Records from a data source
+ + + +
lemma indicator_UN_plus_half_le:
  assumes sub: "\<And>i. i \<in> I \<Longrightarrow> D i \<subseteq> E i"
    and other: "\<And>i. i \<in> I \<Longrightarrow> x \<in> D i \<Longrightarrow> \<exists>j\<in>I. j \<noteq> i \<and> x \<in> E j"
  shows "indicator (\<Union>i\<in>I. E i) x + (\<integral>\<^sup>+i. indicator (D i) x \<partial>count_space I) / 2
       \<le> (\<integral>\<^sup>+i. indicator (E i) x \<partial>count_space I)"
proof (cases "\<exists>i\<in>I. x \<in> D i")
  case True
  then obtain i j where "i \<in> I" "j \<in> I" "i \<noteq> j" "x \<in> E i" "x \<in> E j"
    using sub other by blast
  then have "emeasure (count_space I) {i, j} \<le> emeasure (count_space I) {i \<in> I. x \<in> E i}"
    by (intro emeasure_mono) auto
  then have "(2::ennreal) \<le> (\<integral>\<^sup>+i. indicator (E i) x \<partial>count_space I)"
    using \<open>i \<in> I\<close> \<open>j \<in> I\<close> \<open>i \<noteq> j\<close> by (simp add: nn_integral_count_space_indicator_eq)
  moreover have "(\<integral>\<^sup>+i. indicator (D i) x \<partial>count_space I) \<le> (\<integral>\<^sup>+i. indicator (E i) x \<partial>count_space I)"
    using sub by (intro nn_integral_mono) (auto simp: indicator_def)
  ultimately show ?thesis
    by (intro ennreal_add_half_le) (auto simp: indicator_def)
next
  case False
  then have "(\<integral>\<^sup>+i. indicator (D i) x \<partial>count_space I) = (\<integral>\<^sup>+i. 0 \<partial>count_space I)"
    by (intro nn_integral_cong) (auto simp: indicator_def)
  moreover have "indicator (\<Union>i\<in>I. E i) x \<le> (\<integral>\<^sup>+i. indicator (E i) x \<partial>count_space I)"
  proof (cases "x \<in> (\<Union>i\<in>I. E i)")
    case True
    then obtain i where "i \<in> I" "x \<in> E i"
      by blast
    then have "emeasure (count_space I) {i} \<le> emeasure (count_space I) {i \<in> I. x \<in> E i}"
      by (intro emeasure_mono) auto
    then show ?thesis
      using True \<open>i \<in> I\<close> by (simp add: nn_integral_count_space_indicator_eq)
  qed simp
  ultimately show ?thesis
    by simp
qed

lemma borel_measurable_nn_integral_count_space_indicator:
  assumes "countable I" and "\<And>i. i \<in> I \<Longrightarrow> D i \<in> sets M"
  shows "(\<lambda>x. \<integral>\<^sup>+i. indicator (D i) x \<partial>count_space I) \<in> borel_measurable M"
proof -
  have "(\<lambda>(x, i). indicator (D i) x :: ennreal) \<in> borel_measurable (M \<Otimes>\<^sub>M count_space I)"
    using measurable_compose_countable'[where g=snd and f="\<lambda>i p. indicator (D i) (fst p) :: ennreal"]
      assms by (auto simp: split_beta')
  then show ?thesis
    by (rule sigma_finite_measure.borel_measurable_nn_integral
          [OF sigma_finite_measure_count_space_countable[OF assms(1)]])
qed

lemma emeasure_UN_plus_half_le:
  assumes "countable I"
    and E: "\<And>i. i \<in> I \<Longrightarrow> E i \<in> sets M" and D: "\<And>i. i \<in> I \<Longrightarrow> D i \<in> sets M"
    and sub: "\<And>i. i \<in> I \<Longrightarrow> D i \<subseteq> E i"
    and other: "\<And>i x. i \<in> I \<Longrightarrow> x \<in> D i \<Longrightarrow> \<exists>j\<in>I. j \<noteq> i \<and> x \<in> E j"
  shows "emeasure M (\<Union>i\<in>I. E i) + (\<integral>\<^sup>+i. emeasure M (D i) \<partial>count_space I) / 2
       \<le> (\<integral>\<^sup>+i. emeasure M (E i) \<partial>count_space I)"
proof -
  have UE: "(\<Union>i\<in>I. E i) \<in> sets M"
    using assms by (intro sets.countable_UN'') auto
  have swap: "(\<integral>\<^sup>+i. emeasure M (X i) \<partial>count_space I) = (\<integral>\<^sup>+x. \<integral>\<^sup>+i. indicator (X i) x \<partial>count_space I \<partial>M)"
    if "\<And>i. i \<in> I \<Longrightarrow> X i \<in> sets M" for X
    using that \<open>countable I\<close>
    by (subst nn_integral_count_space_nn_integral) (auto intro!: nn_integral_cong)
  have D_count: "(\<lambda>x. \<integral>\<^sup>+i. indicator (D i) x \<partial>count_space I) \<in> borel_measurable M"
    by (rule borel_measurable_nn_integral_count_space_indicator[OF \<open>countable I\<close> D])
  have "emeasure M (\<Union>i\<in>I. E i) + (\<integral>\<^sup>+i. emeasure M (D i) \<partial>count_space I) / 2
      = (\<integral>\<^sup>+x. indicator (\<Union>i\<in>I. E i) x \<partial>M)
        + (\<integral>\<^sup>+x. (\<integral>\<^sup>+i. indicator (D i) x \<partial>count_space I) / 2 \<partial>M)"
    using UE D D_count by (simp add: swap nn_integral_divide)
  also have "\<dots> = (\<integral>\<^sup>+x. indicator (\<Union>i\<in>I. E i) x + (\<integral>\<^sup>+i. indicator (D i) x \<partial>count_space I) / 2 \<partial>M)"
    using UE D_count by (intro nn_integral_add[symmetric]) auto
  also have "\<dots> \<le> (\<integral>\<^sup>+x. \<integral>\<^sup>+i. indicator (E i) x \<partial>count_space I \<partial>M)"
    using sub other by (intro nn_integral_mono indicator_UN_plus_half_le) auto
  also have "\<dots> = (\<integral>\<^sup>+i. emeasure M (E i) \<partial>count_space I)"
    using E by (simp add: swap)
  finally show ?thesis .
qed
+ + + +
# About this exercise
Looking at the entries above, say how many lines contain the word "lambda". Only the number is wanted.

# Solution for this exercise
4